Com a redemocratização do Brasil e a Constituição Federal de 1988, a agenda de segurança pública se volta à garantia de direitos civis e à cidadania em detrimento das práticas de coerção das forças policiais. Porém, os dados sobre mortes resultantes de intervenções policiais no estado de São Paulo mostram o aumento de homicídios justificados pelo termo “excludente de ilicitude”, que atribui legítima defesa à reação dos agentes.
Artigo que conta com a coautoria do professor da FGV EAESP Renato Sérgio de Lima discute a discrepância das estatísticas sobre segurança pública no Brasil. Como os registros são feitos pelas polícias estaduais, sem coordenação nacional, o estudo analisa o caso específico do estado de São Paulo. Enquanto o número absoluto de homicídios dolosos registrados pela Secretaria de Segurança Pública caiu 77% entre 2000 e 2019, as mortes provocadas por policiais tiveram crescimento de 45,7% no mesmo período.

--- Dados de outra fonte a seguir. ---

(* The mapping $\Delta$ is a bijection between covered maps and left-connected oriented maps.
   Context: Permutations are composed right to left. A (rooted) map is a triple $M=(H,\sigma,\alpha)$ with $H$ a finite set of half-edges, $\alpha$ a fixed-point-free involution, $\sigma$ a permutation, $\langle\sigma,\alpha\rangle$ transitive on $H$, and a root $r\in H$; maps are considered up to root-preserving relabelling. Cycles of $\sigma$, $\alpha$, $\phi=\sigma\alpha$ are vertices, edges, faces. For $S\subseteq H$ and a permutation $\pi$, $\pi_{|S}$ is the permutation of $S$ obtained by erasing elements not in $S$ from the cycles of $\pi$. A spanned map $(M,S)$ has $S\subseteq H$ stable by $\alpha$; it is a covered map if $(S,\sigma_{|S},\alpha_{|S})$ is a connecting unicellular map ($\sigma_{|S},\alpha_{|S}$ transitive on $S$, $S$ meets every cycle of $\sigma$ — except $S=\emptyset$ is allowed if $M$ has one vertex — and $\sigma_{|S}\alpha_{|S}$ is cyclic). Its motion function $\theta(h)=\sigma\alpha(h)$ for $h\in S$, $\theta(h)=\sigma(h)$ otherwise, is cyclic for covered maps, and the appearance order is $r\prec_S\theta(r)\prec_S\cdots\prec_S\theta^{|H|-1}(r)$. An oriented map is $(M,(I,O))$ with $H=I\uplus O$ and $\alpha(I)=O$. $\Delta(M,S)=(M,(I,O))$ with $I=\{h\in S:\alpha(h)\prec_S h\}\cup\{h\notin S:h\prec_S\alpha(h)\}$, $O=H\setminus I$. Let $h_0=r$ be the root. A left-path is a sequence $h_1,\dots,h_k$ of half-edges of $I$ such that for each $j=1,\dots,k$ there is an integer $q_j>0$ with $h_{j-1}=\sigma^{q_j}(\alpha(h_j))$ and $\sigma^p(\alpha(h_j))\in O$ for all $p=0,\dots,q_j-1$. The oriented map is left-connected if every $h\in I$ is the last element $h_k$ of some left-path. *)

theory Defs
  imports "HOL-Combinatorics.Permutations"
begin

text \<open>A rooted map on a finite set H of half-edges: sigma a permutation of H,
  alpha a fixed-point-free involution of H, the group generated by sigma and
  alpha transitive on H (for finite H this is reachability under sigma and alpha),
  and a root r in H.\<close>

definition gen_rel :: "('a \<Rightarrow> 'a) \<Rightarrow> ('a \<Rightarrow> 'a) \<Rightarrow> ('a \<times> 'a) set" where
  "gen_rel f g = {(x, f x) | x. True} \<union> {(x, g x) | x. True}"

definition transitive_on :: "'a set \<Rightarrow> ('a \<Rightarrow> 'a) \<Rightarrow> ('a \<Rightarrow> 'a) \<Rightarrow> bool" where
  "transitive_on S f g \<longleftrightarrow> (\<forall>x\<in>S. \<forall>y\<in>S. (x, y) \<in> (gen_rel f g)\<^sup>*)"

definition cyclic_on :: "'a set \<Rightarrow> ('a \<Rightarrow> 'a) \<Rightarrow> bool" where
  "cyclic_on S f \<longleftrightarrow> (\<forall>x\<in>S. \<forall>y\<in>S. \<exists>k. (f ^^ k) x = y)"

definition rooted_map :: "'a set \<Rightarrow> ('a \<Rightarrow> 'a) \<Rightarrow> ('a \<Rightarrow> 'a) \<Rightarrow> 'a \<Rightarrow> bool" where
  "rooted_map H \<sigma> \<alpha> r \<longleftrightarrow>
     finite H \<and> \<sigma> permutes H \<and> \<alpha> permutes H \<and>
     (\<forall>h\<in>H. \<alpha> h \<noteq> h \<and> \<alpha> (\<alpha> h) = h) \<and>
     transitive_on H \<sigma> \<alpha> \<and> r \<in> H"

text \<open>Restriction pi_{|S}: erase elements not in S from the cycles of pi.\<close>
definition restr :: "('a \<Rightarrow> 'a) \<Rightarrow> 'a set \<Rightarrow> 'a \<Rightarrow> 'a" where
  "restr \<pi> S h = (if h \<in> S then (\<pi> ^^ (LEAST k. 0 < k \<and> (\<pi> ^^ k) h \<in> S)) h else h)"

definition connecting_unicellular ::
  "'a set \<Rightarrow> ('a \<Rightarrow> 'a) \<Rightarrow> ('a \<Rightarrow> 'a) \<Rightarrow> 'a set \<Rightarrow> bool" where
  "connecting_unicellular H \<sigma> \<alpha> S \<longleftrightarrow>
     transitive_on S (restr \<sigma> S) (restr \<alpha> S) \<and>
     ((\<forall>h\<in>H. \<exists>k. (\<sigma> ^^ k) h \<in> S) \<or> (S = {} \<and> cyclic_on H \<sigma>)) \<and>
     cyclic_on S (restr \<sigma> S \<circ> restr \<alpha> S)"

definition covered_map :: "'a set \<Rightarrow> ('a \<Rightarrow> 'a) \<Rightarrow> ('a \<Rightarrow> 'a) \<Rightarrow> 'a \<Rightarrow> 'a set \<Rightarrow> bool" where
  "covered_map H \<sigma> \<alpha> r S \<longleftrightarrow>
     S \<subseteq> H \<and> (\<forall>h\<in>S. \<alpha> h \<in> S) \<and> connecting_unicellular H \<sigma> \<alpha> S"

definition motion :: "('a \<Rightarrow> 'a) \<Rightarrow> ('a \<Rightarrow> 'a) \<Rightarrow> 'a set \<Rightarrow> 'a \<Rightarrow> 'a" where
  "motion \<sigma> \<alpha> S h = (if h \<in> S then \<sigma> (\<alpha> h) else \<sigma> h)"

definition appearance_index :: "('a \<Rightarrow> 'a) \<Rightarrow> ('a \<Rightarrow> 'a) \<Rightarrow> 'a \<Rightarrow> 'a set \<Rightarrow> 'a \<Rightarrow> nat" where
  "appearance_index \<sigma> \<alpha> r S h = (LEAST k. (motion \<sigma> \<alpha> S ^^ k) r = h)"

definition appears_before :: "('a \<Rightarrow> 'a) \<Rightarrow> ('a \<Rightarrow> 'a) \<Rightarrow> 'a \<Rightarrow> 'a set \<Rightarrow> 'a \<Rightarrow> 'a \<Rightarrow> bool" where
  "appears_before \<sigma> \<alpha> r S h h' \<longleftrightarrow>
     appearance_index \<sigma> \<alpha> r S h < appearance_index \<sigma> \<alpha> r S h'"

text \<open>The mapping Delta: returns the set I of the orientation (I, O), O = H - I.\<close>
definition Delta :: "'a set \<Rightarrow> ('a \<Rightarrow> 'a) \<Rightarrow> ('a \<Rightarrow> 'a) \<Rightarrow> 'a \<Rightarrow> 'a set \<Rightarrow> 'a set" where
  "Delta H \<sigma> \<alpha> r S =
     {h \<in> S. appears_before \<sigma> \<alpha> r S (\<alpha> h) h} \<union>
     {h \<in> H - S. appears_before \<sigma> \<alpha> r S h (\<alpha> h)}"

definition oriented_map :: "'a set \<Rightarrow> ('a \<Rightarrow> 'a) \<Rightarrow> 'a set \<Rightarrow> bool" where
  "oriented_map H \<alpha> I \<longleftrightarrow> I \<subseteq> H \<and> \<alpha> ` I = H - I"

definition left_step :: "'a set \<Rightarrow> ('a \<Rightarrow> 'a) \<Rightarrow> ('a \<Rightarrow> 'a) \<Rightarrow> 'a set \<Rightarrow> 'a \<Rightarrow> 'a \<Rightarrow> bool" where
  "left_step H \<sigma> \<alpha> I prev h \<longleftrightarrow>
     (\<exists>q>0. prev = (\<sigma> ^^ q) (\<alpha> h) \<and> (\<forall>p<q. (\<sigma> ^^ p) (\<alpha> h) \<in> H - I))"

definition left_path :: "'a set \<Rightarrow> ('a \<Rightarrow> 'a) \<Rightarrow> ('a \<Rightarrow> 'a) \<Rightarrow> 'a \<Rightarrow> 'a set \<Rightarrow> 'a list \<Rightarrow> bool" where
  "left_path H \<sigma> \<alpha> r I hs \<longleftrightarrow>
     hs \<noteq> [] \<and> set hs \<subseteq> I \<and>
     (\<forall>j < length hs. left_step H \<sigma> \<alpha> I (if j = 0 then r else hs ! (j - 1)) (hs ! j))"

definition left_connected :: "'a set \<Rightarrow> ('a \<Rightarrow> 'a) \<Rightarrow> ('a \<Rightarrow> 'a) \<Rightarrow> 'a \<Rightarrow> 'a set \<Rightarrow> bool" where
  "left_connected H \<sigma> \<alpha> r I \<longleftrightarrow>
     (\<forall>h\<in>I. \<exists>hs. left_path H \<sigma> \<alpha> r I hs \<and> last hs = h)"

end

theory Submission
  imports Defs
begin

text \<open>A spanned map S is covered exactly when S is \<alpha>-stable and its motion function \<theta> is a
  single cycle on H, i.e. the tour r, \<theta> r, \<theta> (\<theta> r), ... visits every half-edge. For each
  edge, \<Delta> records which of its two half-edges the tour meets first, and whether that one lies
  in S. Conversely, an orientation I determines S step by step along the tour: whenever the tour
  reaches an edge for the first time, the current half-edge must be in S iff it is outgoing. This
  gives injectivity, and run on an arbitrary orientation it produces the candidate preimage.
  Left-connectivity matches coverage: rotating around a vertex from \<alpha> h, h incoming, through
  outgoing half-edges, the tour positions strictly increase, so one reaches the root or an incoming
  half-edge visited later; this builds the left-paths of \<Delta> S backwards. Conversely, for a
  left-connected orientation a half-edge missed by the greedy tour would propagate along left-paths
  back to the root, which is impossible.\<close>

definition forward_orbit :: "('a \<Rightarrow> 'a) \<Rightarrow> 'a \<Rightarrow> 'a set" where
  "forward_orbit f x = range (\<lambda>k. (f ^^ k) x)"

lemma funpow_in_forward_orbit [simp, intro]: "(f ^^ k) x \<in> forward_orbit f x"
  unfolding forward_orbit_def by blast

lemma self_in_forward_orbit [simp, intro]: "x \<in> forward_orbit f x"
  using funpow_in_forward_orbit[where k = 0] by simp

lemma forward_orbit_funpow_closed:
  "y \<in> forward_orbit f x \<Longrightarrow> (f ^^ n) y \<in> forward_orbit f x"
proof -
  assume "y \<in> forward_orbit f x"
  then obtain k where "y = (f ^^ k) x" unfolding forward_orbit_def by blast
  then have "(f ^^ n) y = (f ^^ (n + k)) x" by (simp add: funpow_add)
  then show ?thesis by simp
qed

lemma forward_orbit_subset:
  "f permutes A \<Longrightarrow> x \<in> A \<Longrightarrow> forward_orbit f x \<subseteq> A"
  unfolding forward_orbit_def by (auto intro: permutes_in_funpow_image)

lemma forward_orbit_pred:
  assumes "f permutes A" "finite A" "f y \<in> forward_orbit f x"
  shows "y \<in> forward_orbit f x"
proof -
  have perm: "permutation f" using assms(1,2) permutation_permutes by blast
  obtain k where k: "f y = (f ^^ k) x" using assms(3) unfolding forward_orbit_def by blast
  obtain n where n: "n > 0" "(f ^^ n) x = x" using perm by (rule permutation_self)
  have "f ((f ^^ (k + n - 1)) x) = (f ^^ (k + n)) x"
    using n(1) by (metis Suc_diff_1 add_gr_0 comp_apply funpow.simps(2))
  also have "\<dots> = (f ^^ k) ((f ^^ n) x)" by (simp add: funpow_add)
  also have "\<dots> = f y" using k n(2) by simp
  finally have "y = (f ^^ (k + n - 1)) x"
    using permutation_bijective[OF perm] by (auto dest: bij_is_inj injD)
  then show ?thesis by simp
qed

lemma cyclic_on_if_forward_orbit:
  assumes "f permutes A" "finite A" "A \<subseteq> forward_orbit f x"
  shows "cyclic_on A f"
  unfolding cyclic_on_def
proof (intro ballI)
  fix y z assume "y \<in> A" "z \<in> A"
  then obtain a b where a: "y = (f ^^ a) x" and b: "z = (f ^^ b) x"
    using assms(3) unfolding forward_orbit_def by blast
  have "permutation f" using assms(1,2) permutation_permutes by blast
  then obtain n where n: "n > 0" "(f ^^ n) x = x" by (rule permutation_self)
  have "(f ^^ (n * a)) x = x"
    by (induction a) (simp_all add: funpow_add n(2))
  moreover have "n * a - a + a = n * a" using n(1) by (cases n) auto
  ultimately have "(f ^^ (n * a - a)) y = x" using a by (metis comp_apply funpow_add)
  then have "(f ^^ (b + (n * a - a))) y = z" using b by (simp add: funpow_add)
  then show "\<exists>k. (f ^^ k) y = z" ..
qed

lemma funpow_least_index_lt_card:
  fixes f :: "'a \<Rightarrow> 'a"
  assumes "finite A" and in_A: "\<And>n. (f ^^ n) x \<in> A" and "(f ^^ k) x = y"
  shows "(LEAST n. (f ^^ n) x = y) < card A"
proof -
  define m where "m = (LEAST n. (f ^^ n) x = y)"
  have m: "(f ^^ m) x = y" unfolding m_def using assms(3) by (rule LeastI)
  have shortcut: False if "i < j" "j \<le> m" "(f ^^ i) x = (f ^^ j) x" for i j
  proof -
    have "(f ^^ (m - j + i)) x = (f ^^ (m - j)) ((f ^^ j) x)" using that(3) by (simp add: funpow_add)
    also have "\<dots> = y" using m that(2) by (metis comp_apply funpow_add le_add_diff_inverse2)
    finally have "m \<le> m - j + i" unfolding m_def by (rule Least_le)
    then show False using that by linarith
  qed
  have "inj_on (\<lambda>n. (f ^^ n) x) {..m}"
    by (rule inj_onI) (metis atMost_iff linorder_neqE_nat shortcut)
  then have "card {..m} \<le> card A" using in_A assms(1) by (intro card_inj_on_le) auto
  then show ?thesis unfolding m_def by simp
qed

lemma transitive_on_if_cyclic_comp:
  assumes "cyclic_on S (f \<circ> g)"
  shows "transitive_on S f g"
  unfolding transitive_on_def
proof (intro ballI)
  fix x y assume "x \<in> S" "y \<in> S"
  then obtain k where k: "((f \<circ> g) ^^ k) x = y" using assms unfolding cyclic_on_def by blast
  have step: "(z, f (g z)) \<in> (gen_rel f g)\<^sup>*" for z
  proof -
    have "(z, g z) \<in> gen_rel f g" "(g z, f (g z)) \<in> gen_rel f g" unfolding gen_rel_def by blast+
    then show ?thesis by simp
  qed
  have "(x, ((f \<circ> g) ^^ k) x) \<in> (gen_rel f g)\<^sup>*"
    by (induction k) (auto intro: rtrancl_trans[OF _ step])
  then show "(x, y) \<in> (gen_rel f g)\<^sup>*" using k by simp
qed

lemma motion_empty [simp]: "motion \<sigma> \<alpha> {} = \<sigma>"
  by (rule ext) (simp add: motion_def)

lemma motion_funpow_avoiding:
  assumes "\<And>i. i < j \<Longrightarrow> (\<sigma> ^^ i) h \<notin> S"
  shows "(motion \<sigma> \<alpha> S ^^ j) h = (\<sigma> ^^ j) h"
  using assms by (induction j) (simp_all add: motion_def)

lemma motion_funpow_cong:
  assumes "\<And>i. i < j \<Longrightarrow> (motion \<sigma> \<alpha> S ^^ i) h \<in> S \<longleftrightarrow> (motion \<sigma> \<alpha> S ^^ i) h \<in> S'"
  shows "(motion \<sigma> \<alpha> S' ^^ j) h = (motion \<sigma> \<alpha> S ^^ j) h"
  using assms by (induction j) (simp_all add: motion_def)

lemma mem_if_sigma_funpow_mem:
  assumes "S \<subseteq> V" and "\<And>y. motion \<sigma> \<alpha> S y \<in> V \<Longrightarrow> y \<in> V" and "(\<sigma> ^^ k) h \<in> V"
  shows "h \<in> V"
  using assms(3)
proof (induction k arbitrary: h)
  case (Suc k)
  then have "\<sigma> h \<in> V" by (simp add: funpow_swap1)
  show ?case
  proof (cases "h \<in> S")
    case False
    then have "motion \<sigma> \<alpha> S h \<in> V" using \<open>\<sigma> h \<in> V\<close> by (simp add: motion_def)
    then show ?thesis by (rule assms(2))
  qed (use assms(1) in blast)
qed simp
lemma ae_zero_of_indefinite_integral_zero:
  fixes f :: "real \<Rightarrow> 'b::euclidean_space"
  assumes f: "f integrable_on {a..b}" and zero: "\<And>t. t \<in> {a..b} \<Longrightarrow> integral {a..t} f = 0"
  shows "\<exists>N. negligible N \<and> (\<forall>u\<in>{a..b} - N. f u = 0)"
proof -
  define F where "F = (\<lambda>x. if x \<in> {a..b} then f x else 0)"
  have "F integrable_on cbox c d" for c d
    using integrable_on_subcbox integrable_restrict_UNIV f unfolding F_def by blast
  then obtain N where N: "negligible N"
    and lebesgue_point: "\<And>x e. \<lbrakk>x \<notin> N; 0 < e\<rbrakk> \<Longrightarrow> \<exists>d>0. \<forall>h. 0 < h \<and> h < d \<longrightarrow>
        norm (integral (cbox x (x + h *\<^sub>R One)) F /\<^sub>R h ^ DIM(real) - F x) < e"
    by (rule integrable_ccontinuous_explicit) blast
  \<comment> \<open>At a Lebesgue point u < b of f the averages over [u, u + h] tend to f u, but they vanish.\<close>
  have "f u = 0" if u: "u \<in> {a..b} - (N \<union> {b})" for u
  proof -
    have "norm (f u) < e" if e: "e > 0" for e
    proof -
      have "\<exists>d>0. \<forall>h. 0 < h \<and> h < d \<longrightarrow> norm (integral {u..u+h} F /\<^sub>R h - F u) < e"
        using lebesgue_point[OF _ e, of u] u by simp
      then obtain d where "d > 0"
        and d: "\<And>h. 0 < h \<Longrightarrow> h < d \<Longrightarrow> norm (integral {u..u+h} F /\<^sub>R h - F u) < e"
        by blast
      define h where "h = min (d/2) ((b - u)/2)"
      have h: "0 < h" "h < d" "u + h \<le> b"
        using \<open>d > 0\<close> u unfolding h_def by (auto simp: min_def field_simps)
      have "integral {u..u+h} F = integral {u..u+h} f"
        using u h by (intro integral_cong) (auto simp: F_def)
      also have "\<dots> = integral {a..u+h} f - integral {a..u} f"
        using Henstock_Kurzweil_Integration.integral_combine[where a=a and c=u and b="u+h" and f=f]
          integrable_on_subinterval[OF f, of a "u+h"] u h
        by (simp add: algebra_simps)
      also have "\<dots> = 0"
        using zero u h by simp
      finally show ?thesis
        using d[OF h(1,2)] u by (simp add: F_def)
    qed
    then show "f u = 0"
      by (metis less_irrefl zero_less_norm_iff)
  qed
  then show ?thesis
    using N by (intro exI[of _ "N \<union> {b}"]) auto
qed

lemma is_h1_deriv_h1_deriv: "V \<in> H1 \<Longrightarrow> is_h1_deriv V (h1_deriv V)"
  unfolding H1_def h1_deriv_def by (auto intro: someI[of "is_h1_deriv V"])

lemma is_h1_deriv_unique:
  assumes D1: "is_h1_deriv V D1" and D2: "is_h1_deriv V D2"
  shows "\<exists>N. negligible N \<and> (\<forall>u\<in>{0..1} - N. D1 u = D2 u)"
proof -
  have int: "D1 integrable_on {0..1}" "D2 integrable_on {0..1}"
    using D1 D2 unfolding is_h1_deriv_def by blast+
  have zero: "integral {0..t} (\<lambda>u. D1 u - D2 u) = 0" if t: "t \<in> {0..1}" for t
  proof -
    have "D1 integrable_on {0..t}" "D2 integrable_on {0..t}"
      using int t by (auto intro: integrable_on_subinterval)
    then have "integral {0..t} (\<lambda>u. D1 u - D2 u) = integral {0..t} D1 - integral {0..t} D2"
      by (rule integral_diff)
    also have "\<dots> = 0"
      using D1 D2 t unfolding is_h1_deriv_def by (metis diff_self add_diff_cancel_left')
    finally show ?thesis .
  qed
  then show ?thesis
    using ae_zero_of_indefinite_integral_zero[OF integrable_diff[OF int] zero] by auto
qed

lemma integrable_bilinear_square:
  fixes g :: "'a::euclidean_space \<Rightarrow> 'a \<Rightarrow> real" and D :: "real \<Rightarrow> 'a"
  assumes g: "bilinear g" and D: "D integrable_on {a..b}"
    and D2: "(\<lambda>u. (norm (D u))\<^sup>2) integrable_on {a..b}"
  shows "(\<lambda>u. g (D u) (D u)) integrable_on {a..b}"
proof -
  obtain K where K: "\<And>x y. norm (g x y) \<le> K * norm x * norm y"
    using bilinear_bounded[OF g] by blast
  have "(\<lambda>u. g (D u) (D u)) \<in> borel_measurable (lebesgue_on {a..b})"
    by (rule borel_measurable_bilinear[OF g]) (use integrable_imp_measurable[OF D] in auto)
  moreover have "(\<lambda>u. K * (norm (D u))\<^sup>2) integrable_on {a..b}"
    using D2 by (rule integrable_on_mult_right)
  moreover have "norm (g (D u) (D u)) \<le> K * (norm (D u))\<^sup>2" for u
    using K[of "D u" "D u"] by (simp add: power2_eq_square mult.assoc)
  ultimately show ?thesis
    by (rule measurable_bounded_by_integrable_imp_integrable) auto
qed

lemma has_integral_bilinear_centered:
  fixes g :: "'a::euclidean_space \<Rightarrow> 'a \<Rightarrow> real" and D :: "real \<Rightarrow> 'a"
  assumes g: "bilinear g" and sym: "\<And>x y. g x y = g y x"
    and D: "D integrable_on {0..1}" and D2: "(\<lambda>u. (norm (D u))\<^sup>2) integrable_on {0..1}"
  defines "m \<equiv> integral {0..1} D"
  shows "((\<lambda>u. g (D u - m) (D u - m)) has_integral
           integral {0..1} (\<lambda>u. g (D u) (D u)) - g m m) {0..1}"
proof -
  have expand: "g (D u - m) (D u - m) = g (D u) (D u) - 2 * g (D u) m + g m m" for u
    using g sym[of m "D u"] by (simp add: bilinear_lsub bilinear_rsub algebra_simps)
  have "bounded_linear (\<lambda>x. g x m)"
    using g by (simp add: bilinear_def linear_conv_bounded_linear)
  then have "((\<lambda>u. g (D u) m) has_integral g m m) {0..1}"
    using has_integral_linear[OF integrable_integral[OF D]] by (simp add: m_def o_def)
  moreover have "((\<lambda>u. g (D u) (D u)) has_integral integral {0..1} (\<lambda>u. g (D u) (D u))) {0..1}"
    using integrable_bilinear_square[OF g D D2] by (rule integrable_integral)
  moreover have "((\<lambda>u::real. g m m) has_integral g m m) {0..1}"
    using has_integral_const_real[of "g m m" 0 1] by simp
  ultimately have "((\<lambda>u. g (D u) (D u) - 2 * g (D u) m + g m m) has_integral
      integral {0..1} (\<lambda>u. g (D u) (D u)) - 2 * g m m + g m m) {0..1}"
    by (intro has_integral_add has_integral_diff has_integral_mult_right)
  then show ?thesis
    by (simp add: expand)
qed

Em 2006, a Corregedoria da PM de São Paulo criou três classificações para os homicídios dolosos: praticados por policiais em serviço e sem excludente de ilicitude, praticados por policiais fora de serviço e praticados por policiais fora de serviço em reação a uma tentativa de assalto, o que justificaria o excludente de ilicitude. Entre 2006 e 2015, 973 pessoas foram mortas por policiais militares em ocorrências relacionadas a esta última categoria.
Em 2015, no entanto, a categoria foi excluída, e a PM paulista passou a considerar os homicídios fora do expediente de forma generalizada como não intencionais e, portanto, não dolosos. Como consequência, nesses casos o agente policial não responde pelo crime de homicídio, pois se pressupõe que agiu em legítima defesa e/ou no cumprimento de seu dever legal.
No estado de São Paulo, portanto, as estatísticas legitimam a violência da ação policial, ressaltam os pesquisadores. O estudo aponta que indicadores não são imparciais, e sim produzidos por pessoas em relações de poder. Para haver transparência e eficácia nas políticas de segurança pública no Brasil, “é fundamental o aumento da capacidade de governança democrática das instituições policiais, que passa por uma mais eficiente articulação e coordenação federativa”, frisam os autores.